WHAT THE TASK ASKS
Output only the line that contains "Let_def by measurable" and the lines after it, all verbatim, through the last one below.

DATASET EXTRACT

lemma sym_limit_law:
  assumes a: "0 < \<alpha>" "\<alpha> < 1"
  shows "real_distribution (density lborel (dens_sym \<alpha>))
    \<and> absolutely_continuous lborel (density lborel (dens_sym \<alpha>))
    \<and> measure (density lborel (dens_sym \<alpha>)) {min \<alpha> (1 - \<alpha>)..1} = 1
    \<and> weak_conv_m (\<lambda>N. range_law (1/2) N (start_pt \<alpha> N)) (density lborel (dens_sym \<alpha>))
    \<and> (\<forall>\<beta>\<ge>0. (\<lambda>N. range_tail (1/2) N (start_pt \<alpha> N) \<beta>) \<longlonglongrightarrow> tail_sym \<alpha> \<beta>)
    \<and> (\<forall>\<beta>\<ge>0. measure (density lborel (dens_sym \<alpha>)) {\<beta>..} = tail_sym \<alpha> \<beta>)"
proof (rule range_limit_law[where p = "\<lambda>_. 1/2" and x = "start_pt \<alpha>" and T = "tail_sym \<alpha>"])
  show "(\<lambda>N. range_ge_prob (1/2) N (start_pt \<alpha> N) (m N)) \<longlonglongrightarrow> tail_sym \<alpha> \<beta>"
    if "(\<lambda>N. real_of_int (m N) / real N) \<longlonglongrightarrow> \<beta>" "eventually (\<lambda>N. m N \<le> int N) sequentially"
      "0 \<le> \<beta>" "\<beta> \<le> 1" for m \<beta>
    using sym_range_ge_tendsto[OF a that] limit_tail_sym[OF a that(3,4)] by (simp add: limit_tail_def)
  show "(dens_sym \<alpha> has_integral tail_sym \<alpha> \<beta>) {\<beta>..1}" if "0 \<le> \<beta>" "\<beta> \<le> 1" for \<beta>
  proof -
    have "(id has_real_derivative 1) (at t)" for t :: real by (simp add: id_def)
    then have "(dens_sym \<alpha> has_integral limit_tail id \<alpha> \<beta>) {\<beta>..1}"
      by (rule limit_density_integral[where S = "{\<alpha>, 1 - \<alpha>}"]) (use a that dens_sym_eq in auto)
    then show ?thesis using limit_tail_sym[OF a that] by simp
  qed
  show "dens_sym \<alpha> \<in> borel_measurable borel" unfolding dens_sym_def Let_def by measurable
qed (use a start_pt_inside tail_sym_0 tail_sym_above in
     \<open>auto simp: dens_sym_def tail_sym_def Let_def\<close>)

EXERCISE OUTPUT
  show "dens_sym \<alpha> \<in> borel_measurable borel" unfolding dens_sym_def Let_def by measurable
qed (use a start_pt_inside tail_sym_0 tail_sym_above in
     \<open>auto simp: dens_sym_def tail_sym_def Let_def\<close>)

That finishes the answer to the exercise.